Common method bias (CMB)
Harman’s (1976) test showed that one factor explained 30.61% of the variance, less than the recommended benchmark of 50%, confirming the insignificant effects of CMB (Podsakoff et al., 2003). Moreover, the recommended assessment was to evaluate the correlations among the study constructs, and a correlation below 0.9 indicated the absence of CMB (Bagozzi et al., 1991). Furthermore, this study evaluated the CMB using Kock’s (2015) recommendation to test the full collinearity of all constructs. All the study variables were regressed on the common variable, and the variance inflation factor (VIF) value below 3.3 (Table 1) indicates the absence of CMB from the single-source data.
Data analysis techniques
The estimated Mardia’s multivariate skewness and kurtosis coefficient and p-values revealed a normality issue as the p-values were below 0.05 (Cain et al. 2017). Given multivariate non-normality, the study model was examined using partial least squares structural equation modeling (PLS-SEM) (Hair et al., 2019). The study path hypotheses were tested with the path beta (coefficient), confidence interval, t-values, and p-values (Hair et al., 2019). Moreover, artificial neural network (ANN) analysis was implemented for model-free assessment using parallel, multilayer, and nonlinear regressions (Leong et al., 2015). The use of ANN analysis facilitates the complex nature of the linear and non-linear relationship that exists among the variables (Hayat et al., 2021). The ANN analysis improves the model prediction accuracy and helps to identify the normalized importance of input variables to predict the outcome variable (Leong et al., 2020). 10-fold cross-validation was performed to handle the issue of overfitting and to achieve the ANN predictive accuracy.
Findings
Socio-demographic background of the respondents
A significant proportion of the respondents (58.7%) were male; 12.2% were in the age range of 21–30 years old, 26% were between 31 and 40 years old, 39.8% were 41-50 years old, 19.3% were in 51–60 years old, and only 2.4% were older than 60 years. Approximately 59.8% of the respondents had secondary-level school education, 20% had STPM/diploma level education, 5.5% had degree-level education, 12.9% had primary-level schooling, and 1% had no recognized education at all. Finally, 63.3% had business experience, while the rest had no such experience.
Validity and reliability
Table 2 reports that Cronbach’s alpha, DG rho, and composite reliability for each construct were more than 0.8, confirming the internal consistency and unidimensionality of the items used. The average variance extracted for all items is above 0.50, which establishes convergent validity (Hair et al., 2019).
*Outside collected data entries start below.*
(* Consider the queueing system in the context under MaxWeight with a diagonal matrix $\Delta$ with positive diagonal entries, in overload ($\rho\notin\mathcal{P}$), and let $\eta=\lim_{t\to\infty}X(t)/t$. Then $$\langle\eta,\Delta\eta\rangle=\langle\rho,\Delta\eta\rangle-\max_{S\in\mathcal{S}}\langle S,\Delta\eta\rangle.$$
   Context: Model: $Q$ queues, finite set $\mathcal{S}=\{S_1,\dots,S_N\}\subset\mathbb{R}^Q_{\ge0}$, discrete time. Arrivals $A(t)$ with $0\le A_q(t)\le\bar A_q<\infty$ and $\rho_q=\lim_{t\to\infty}\frac1t\sum_{s=0}^{t-1}A_q(s)\in(0,\infty)$. Departures $D_q(t)=\min\{S_q(t),X_q(t)\}$, $X(t+1)=X(t)+A(t)-D(t)$, $X(0)=0$, with $S(t)\in\arg\max_{S\in\mathcal{S}}\langle S,\Delta X(t)\rangle$. Stability region $\mathcal{P}=\{r\in\mathbb{R}^Q_{\ge0}: r\le\sum_n\alpha_nS_n\text{ for some }\alpha_n\ge0,\sum_n\alpha_n=1\}$. (Under these assumptions $\lim_t X(t)/t$ exists.) *)

theory Defs
  imports Complex_Main
begin

definition ip :: "('q::finite \<Rightarrow> real) \<Rightarrow> ('q \<Rightarrow> real) \<Rightarrow> real" where
  "ip x y = (\<Sum>q\<in>UNIV. x q * y q)"

text \<open>Diagonal matrix Delta = diag(d) applied to a vector.\<close>
definition diag_apply :: "('q \<Rightarrow> real) \<Rightarrow> ('q \<Rightarrow> real) \<Rightarrow> ('q \<Rightarrow> real)" where
  "diag_apply d x = (\<lambda>q. d q * x q)"

definition stab_region :: "('q \<Rightarrow> real) set \<Rightarrow> ('q \<Rightarrow> real) set" where
  "stab_region Sch = {r. (\<forall>q. 0 \<le> r q) \<and>
      (\<exists>\<alpha>. (\<forall>S\<in>Sch. 0 \<le> \<alpha> S) \<and> (\<Sum>S\<in>Sch. \<alpha> S) = 1 \<and>
            (\<forall>q. r q \<le> (\<Sum>S\<in>Sch. \<alpha> S * S q)))}"

end

theory Submission
  imports Defs
begin

(* Cumulative departures are cumulative arrivals minus the backlog, so the Cesaro means of
   <D(t), Delta eta> converge to <rho - eta, Delta eta>. On the other hand, a queue with
   eta_q > 0 has a linearly growing backlog, so eventually it is served at its full scheduled
   rate, D_q(t) = S_q(t); and since X(t)/t -> eta, the MaxWeight schedule S(t) becomes
   asymptotically optimal for the weight Delta eta. Hence <D(t), Delta eta> itself converges to
   max_S <S, Delta eta>. *)

lemma cesaro_mean_tendsto_zero:
  fixes g :: "nat \<Rightarrow> 'a::real_normed_vector"
  assumes "g \<longlonglongrightarrow> 0"
  shows "(\<lambda>n. (\<Sum>k<n. g k) /\<^sub>R real n) \<longlonglongrightarrow> 0"
proof (rule tendstoI)
  fix r :: real assume "0 < r"
  then obtain N where N: "\<And>k. N \<le> k \<Longrightarrow> norm (g k) < r / 2"
    using LIMSEQ_D[OF assms, of "r / 2"] by auto
  define C where "C = (\<Sum>k<N. norm (g k))"
  have "\<forall>\<^sub>F n in sequentially. C / real n < r / 2"
    using \<open>0 < r\<close> by (intro order_tendstoD(2)[OF lim_const_over_n]) simp
  moreover have "\<forall>\<^sub>F n in sequentially. N \<le> n \<and> 0 < n"
    by (rule eventually_ge_at_top[of "Suc N", THEN eventually_mono]) auto
  ultimately show "\<forall>\<^sub>F n in sequentially. dist ((\<Sum>k<n. g k) /\<^sub>R real n) 0 < r"
  proof eventually_elim
    case (elim n)
    then have split: "{..<n} = {..<N} \<union> {N..<n}" by auto
    have "norm (\<Sum>k<n. g k) \<le> (\<Sum>k<n. norm (g k))"
      by (rule norm_sum)
    also have "\<dots> = C + (\<Sum>k\<in>{N..<n}. norm (g k))"
      unfolding C_def split by (subst sum.union_disjoint) auto
    also have "\<dots> \<le> C + (\<Sum>k\<in>{N..<n}. r / 2)"
      using N by (intro add_left_mono sum_mono less_imp_le) auto
    also have "\<dots> \<le> C + real n * (r / 2)"
      using \<open>0 < r\<close> by simp
    finally have "norm (\<Sum>k<n. g k) / real n \<le> C / real n + r / 2"
      using elim by (simp add: divide_simps mult.commute)
    with elim show ?case by (simp add: field_simps)
  qed
qed

lemma cesaro_mean_tendsto:
  fixes f :: "nat \<Rightarrow> 'a::real_normed_vector"
  assumes "f \<longlonglongrightarrow> L"
  shows "(\<lambda>n. (\<Sum>k<n. f k) /\<^sub>R real n) \<longlonglongrightarrow> L"
proof -
  have "(\<lambda>n. (\<Sum>k<n. f k - L) /\<^sub>R real n + L) \<longlonglongrightarrow> 0 + L"
    using assms by (intro tendsto_add cesaro_mean_tendsto_zero) (simp_all add: LIM_zero)
  moreover have "\<forall>\<^sub>F n in sequentially. (\<Sum>k<n. f k - L) /\<^sub>R real n + L = (\<Sum>k<n. f k) /\<^sub>R real n"
    by (rule eventually_ge_at_top[of 1, THEN eventually_mono])
       (simp add: sum_subtractf scaleR_diff_right sum_constant_scaleR)
  ultimately show ?thesis
    by (simp add: tendsto_cong)
qed

lemma tendsto_Max_of_argmax:
  fixes g :: "nat \<Rightarrow> 'a \<Rightarrow> real" and G :: "'a \<Rightarrow> real"
  assumes "finite K"
    and lim: "\<And>S. S \<in> K \<Longrightarrow> (\<lambda>t. g t S) \<longlonglongrightarrow> G S"
    and sel_in: "\<And>t. sel t \<in> K"
    and sel_max: "\<And>t S. S \<in> K \<Longrightarrow> g t S \<le> g t (sel t)"
  shows "(\<lambda>t. G (sel t)) \<longlonglongrightarrow> Max (G ` K)"
proof (rule tendstoI)
  fix r :: real assume "0 < r"
  have "K \<noteq> {}" using sel_in by blast
  then have "Max (G ` K) \<in> G ` K"
    using \<open>finite K\<close> by simp
  then obtain S0 where "S0 \<in> K" and S0_max: "G S0 = Max (G ` K)"
    by auto
  have G_le: "G S \<le> G S0" if "S \<in> K" for S
    unfolding S0_max using \<open>finite K\<close> that by simp
  have "\<forall>\<^sub>F t in sequentially. \<forall>S\<in>K. dist (g t S) (G S) < r / 2"
    using \<open>finite K\<close> \<open>0 < r\<close> by (intro eventually_ball_finite ballI tendstoD[OF lim]) auto
  then show "\<forall>\<^sub>F t in sequentially. dist (G (sel t)) (Max (G ` K)) < r"
  proof eventually_elim
    case (elim t)
    from elim have "dist (g t S0) (G S0) < r / 2" and "dist (g t (sel t)) (G (sel t)) < r / 2"
      using \<open>S0 \<in> K\<close> sel_in by auto
    moreover have "g t S0 \<le> g t (sel t)" and "G (sel t) \<le> G S0"
      using \<open>S0 \<in> K\<close> sel_in by (auto intro: sel_max G_le)
    ultimately show ?case
      unfolding S0_max[symmetric] dist_real_def by linarith
  qed
qed

lemma eventually_ge_of_linear_growth:
  fixes x :: "nat \<Rightarrow> real"
  assumes "(\<lambda>t. x t / real t) \<longlonglongrightarrow> c" and "0 < c"
  shows "\<forall>\<^sub>F t in sequentially. b \<le> x t"
proof -
  have "filterlim (\<lambda>t. x t / real t * real t) at_top sequentially"
    using assms filterlim_real_sequentially by (rule filterlim_tendsto_pos_mult_at_top)
  moreover have "\<forall>\<^sub>F t in sequentially. x t / real t * real t = x t"
    by (rule eventually_ge_at_top[of 1, THEN eventually_mono]) simp
  ultimately have "filterlim x at_top sequentially"
    by (simp add: filterlim_cong)
  then show ?thesis
    by (simp add: filterlim_at_top)
qed

lemma ip_diff_left: "ip (\<lambda>q. x q - y q) z = ip x z - ip y z"
  unfolding ip_def by (simp add: left_diff_distrib sum_subtractf)

lemma ip_sum_left: "ip (\<lambda>q. \<Sum>s\<in>I. f s q) z = (\<Sum>s\<in>I. ip (f s) z)"
  unfolding ip_def by (simp add: sum_distrib_right sum.swap[of _ I])

lemma ip_divide_left: "ip (\<lambda>q. x q / c) z = ip x z / c"
  unfolding ip_def by (simp add: sum_divide_distrib)

lemma ip_diag_apply_divide: "ip x (diag_apply d (\<lambda>q. y q / c)) = ip x (diag_apply d y) / c"
  unfolding ip_def diag_apply_def by (simp add: sum_divide_distrib)

lemma tendsto_ip:
  assumes "\<And>q. ((\<lambda>t. x t q) \<longlongrightarrow> a q) F" and "\<And>q. ((\<lambda>t. y t q) \<longlongrightarrow> b q) F"
  shows "((\<lambda>t. ip (x t) (y t)) \<longlongrightarrow> ip a b) F"
  unfolding ip_def using assms by (intro tendsto_intros)

lemma tendsto_diag_apply:
  assumes "\<And>q. ((\<lambda>t. x t q) \<longlongrightarrow> a q) F"
  shows "((\<lambda>t. diag_apply d (x t) q) \<longlongrightarrow> diag_apply d a q) F"
  unfolding diag_apply_def using assms by (intro tendsto_intros)

lemma backlog_nonneg:
  fixes x a s :: "nat \<Rightarrow> real"
  assumes "0 \<le> x 0" and "\<And>t. 0 \<le> a t"
    and "\<And>t. x (Suc t) = x t + a t - min (s t) (x t)"
  shows "0 \<le> x t"
proof (cases t)
  case (Suc k)
  have "0 \<le> x k - min (s k) (x k) + a k"
    using assms(2)[of k] by simp
  then show ?thesis
    unfolding Suc assms(3) by linarith
qed (use assms in simp)

lemma backlog_eq_arrivals_minus_departures:
  fixes x a s :: "nat \<Rightarrow> real"
  assumes "x 0 = 0" and "\<And>t. x (Suc t) = x t + a t - min (s t) (x t)"
  shows "x t = (\<Sum>k<t. a k) - (\<Sum>k<t. min (s k) (x k))"
  by (induction t) (simp_all add: assms)

lemma eventually_departures_eq_service:
  fixes x s :: "nat \<Rightarrow> real"
  assumes "(\<lambda>t. x t / real t) \<longlonglongrightarrow> c" and "0 < c" and "\<And>t. s t \<le> B"
  shows "\<forall>\<^sub>F t in sequentially. min (s t) (x t) = s t"
  using eventually_ge_of_linear_growth[OF assms(1,2), of B]
  by eventually_elim (meson assms(3) min_absorb1 order_trans)

lemma maxweight_asymptotically_optimal:
  fixes Sch :: "('q::finite \<Rightarrow> real) set"
  assumes "finite Sch" and "\<And>t. Sel t \<in> Sch"
    and "\<And>t S. S \<in> Sch \<Longrightarrow> ip S (diag_apply d (X t)) \<le> ip (Sel t) (diag_apply d (X t))"
    and "\<And>q. (\<lambda>t. X t q / real t) \<longlonglongrightarrow> \<eta> q"
  shows "(\<lambda>t. ip (Sel t) (diag_apply d \<eta>)) \<longlonglongrightarrow> Max ((\<lambda>S. ip S (diag_apply d \<eta>)) ` Sch)"
proof (rule tendsto_Max_of_argmax[OF assms(1) _ assms(2)])
  show "(\<lambda>t. ip S (diag_apply d (\<lambda>q. X t q / real t))) \<longlonglongrightarrow> ip S (diag_apply d \<eta>)" for S
    using assms(4) by (intro tendsto_ip tendsto_diag_apply tendsto_const)
  show "ip S (diag_apply d (\<lambda>q. X t q / real t)) \<le> ip (Sel t) (diag_apply d (\<lambda>q. X t q / real t))"
    if "S \<in> Sch" for t S
    using assms(3)[OF that] unfolding ip_diag_apply_divide by (simp add: divide_right_mono)
qed

lemma eventually_departures_eq_schedule:
  fixes Sch :: "('q::finite \<Rightarrow> real) set"
  assumes "finite Sch" and "\<And>t. Sel t \<in> Sch" and "\<And>t q. 0 \<le> X t q"
    and "\<And>q. (\<lambda>t. X t q / real t) \<longlonglongrightarrow> \<eta> q"
  shows "\<forall>\<^sub>F t in sequentially.
           ip (\<lambda>q. min (Sel t q) (X t q)) (diag_apply d \<eta>) = ip (Sel t) (diag_apply d \<eta>)"
proof -
  have "\<forall>\<^sub>F t in sequentially. \<eta> q = 0 \<or> min (Sel t q) (X t q) = Sel t q" for q
  proof (cases "\<eta> q = 0")
    case False
    have "0 \<le> \<eta> q"
      using assms(3,4) by (intro LIMSEQ_le_const[of "\<lambda>t. X t q / real t"]) auto
    with False have "0 < \<eta> q" by simp
    moreover have "Sel t q \<le> Max ((\<lambda>S. S q) ` Sch)" for t
      using assms(1,2) by simp
    ultimately have "\<forall>\<^sub>F t in sequentially. min (Sel t q) (X t q) = Sel t q"
      by (rule eventually_departures_eq_service[OF assms(4)])
    then show ?thesis
      by (rule eventually_mono) simp
  qed simp
  then have "\<forall>\<^sub>F t in sequentially. \<forall>q. \<eta> q = 0 \<or> min (Sel t q) (X t q) = Sel t q"
    by (rule eventually_all_finite)
  then show ?thesis
    unfolding ip_def diag_apply_def by eventually_elim (intro sum.cong; auto)
qed

lemma average_departures_tendsto:
  fixes A X Sel :: "nat \<Rightarrow> 'q::finite \<Rightarrow> real"
  assumes "\<And>q. X 0 q = 0" and "\<And>t q. X (Suc t) q = X t q + A t q - min (Sel t q) (X t q)"
    and "\<And>q. (\<lambda>t. (\<Sum>s<t. A s q) / real t) \<longlonglongrightarrow> \<rho> q"
    and "\<And>q. (\<lambda>t. X t q / real t) \<longlonglongrightarrow> \<eta> q"
  shows "(\<lambda>t. (\<Sum>s<t. ip (\<lambda>q. min (Sel s q) (X s q)) w) / real t) \<longlonglongrightarrow> ip \<rho> w - ip \<eta> w"
proof -
  have "X t q = (\<Sum>s<t. A s q) - (\<Sum>s<t. min (Sel s q) (X s q))" for t q
    using assms(1,2) by (rule backlog_eq_arrivals_minus_departures)
  then have "(\<Sum>s<t. min (Sel s q) (X s q)) = (\<Sum>s<t. A s q) - X t q" for t q
    by (simp add: algebra_simps)
  then have "(\<Sum>s<t. ip (\<lambda>q. min (Sel s q) (X s q)) w) / real t
      = ip (\<lambda>q. (\<Sum>s<t. A s q) / real t - X t q / real t) w" for t
    unfolding ip_sum_left[symmetric] by (simp add: ip_divide_left[symmetric] diff_divide_distrib)
  moreover have "(\<lambda>t. ip (\<lambda>q. (\<Sum>s<t. A s q) / real t - X t q / real t) w) \<longlonglongrightarrow> ip (\<lambda>q. \<rho> q - \<eta> q) w"
    using assms(3,4) by (intro tendsto_ip tendsto_diff) auto
  ultimately show ?thesis
    by (simp add: ip_diff_left)
qed

theorem lemma9:
  fixes Sch :: "('q::finite \<Rightarrow> real) set"
    and d :: "'q \<Rightarrow> real"
    and A :: "nat \<Rightarrow> 'q \<Rightarrow> real"
    and Abar \<rho> \<eta> :: "'q \<Rightarrow> real"
    and X Sel :: "nat \<Rightarrow> 'q \<Rightarrow> real"
  assumes Sch_fin: "finite Sch" and Sch_ne: "Sch \<noteq> {}"
    and Sch_nonneg: "\<forall>S\<in>Sch. \<forall>q. 0 \<le> S q"
    and d_pos: "\<forall>q. 0 < d q"
    and A_bnd: "\<forall>t q. 0 \<le> A t q \<and> A t q \<le> Abar q"
    and rho_lim: "\<forall>q. (\<lambda>t. (\<Sum>s<t. A s q) / real t) \<longlonglongrightarrow> \<rho> q"
    and rho_pos: "\<forall>q. 0 < \<rho> q"
    and X0: "X 0 = (\<lambda>q. 0)"
    and X_step: "\<forall>t q. X (Suc t) q = X t q + A t q - min (Sel t q) (X t q)"
    and Sel_in: "\<forall>t. Sel t \<in> Sch"
    and Sel_max: "\<forall>t. \<forall>S\<in>Sch. ip S (diag_apply d (X t)) \<le> ip (Sel t) (diag_apply d (X t))"
    and overload: "\<rho> \<notin> stab_region Sch"
    and eta_lim: "\<forall>q. (\<lambda>t. X t q / real t) \<longlonglongrightarrow> \<eta> q"
  shows "ip \<eta> (diag_apply d \<eta>) =
         ip \<rho> (diag_apply d \<eta>) - Max ((\<lambda>S. ip S (diag_apply d \<eta>)) ` Sch)"
proof -
  define e where "e = diag_apply d \<eta>"
  define D where "D t q = min (Sel t q) (X t q)" for t q
  have X_nonneg: "0 \<le> X t q" for t q
    by (rule backlog_nonneg[of "\<lambda>t. X t q" "\<lambda>t. A t q" "\<lambda>t. Sel t q"]) (use X0 A_bnd X_step in auto)
  have "\<forall>\<^sub>F t in sequentially. ip (D t) e = ip (Sel t) e"
    unfolding D_def e_def
    by (rule eventually_departures_eq_schedule[OF Sch_fin]) (use Sel_in X_nonneg eta_lim in auto)
  moreover have "(\<lambda>t. ip (Sel t) e) \<longlonglongrightarrow> Max ((\<lambda>S. ip S e) ` Sch)"
    unfolding e_def
    by (rule maxweight_asymptotically_optimal[OF Sch_fin, where X = X]) (use Sel_in Sel_max eta_lim in auto)
  ultimately have "(\<lambda>t. ip (D t) e) \<longlonglongrightarrow> Max ((\<lambda>S. ip S e) ` Sch)"
    by (simp add: tendsto_cong)
  then have "(\<lambda>t. (\<Sum>s<t. ip (D s) e) / real t) \<longlonglongrightarrow> Max ((\<lambda>S. ip S e) ` Sch)"
    using cesaro_mean_tendsto[of "\<lambda>t. ip (D t) e"] by (simp add: divide_inverse_commute)
  moreover have "(\<lambda>t. (\<Sum>s<t. ip (D s) e) / real t) \<longlonglongrightarrow> ip \<rho> e - ip \<eta> e"
    unfolding D_def
    by (rule average_departures_tendsto[where A = A]) (use X0 X_step rho_lim eta_lim in auto)
  ultimately have "Max ((\<lambda>S. ip S e) ` Sch) = ip \<rho> e - ip \<eta> e"
    by (rule LIMSEQ_unique)
  then show ?thesis
    unfolding e_def by linarith
qed

end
Table 3 presents that the item loadings were all above 0.5, higher than the cross-loading, confirming discriminant validity. Discriminant validity was further investigated using the Fornell-Larcker criterion, whereby the square root of the average variance extracted for every variable must exceed the corresponding construct’s correlation with other constructs. Table 3 shows that all variables met the criteria. The heterotrait-monotrait Ratio (HTMT) values were below 0.9, indicating discriminant validity was recognized (Henseler et al., 2015).
Hypothesis testing
Table 4 shows that the r2 scores for EC and EL for ATE were 0.25. A Q2 value of 0.180 indicates medium predictive relevance (Chin, 2010). The r2 score for the two input variables (SR and SK) on the PBC was 0.313, and the Q2 value was 0.205, indicating medium predictive relevance. The adjusted r2 values for the three input variables (ATE, SUN, and PBC) on BKI were 0.239. A Q2 value of 0.170 indicated a medium predictive relevance (Cohen, 1988). Moreover, an r2 value for BSB from BKI 0.422, and the Q2 value was 0.347, indicating a medium predictive relevance (Cohen, 1988).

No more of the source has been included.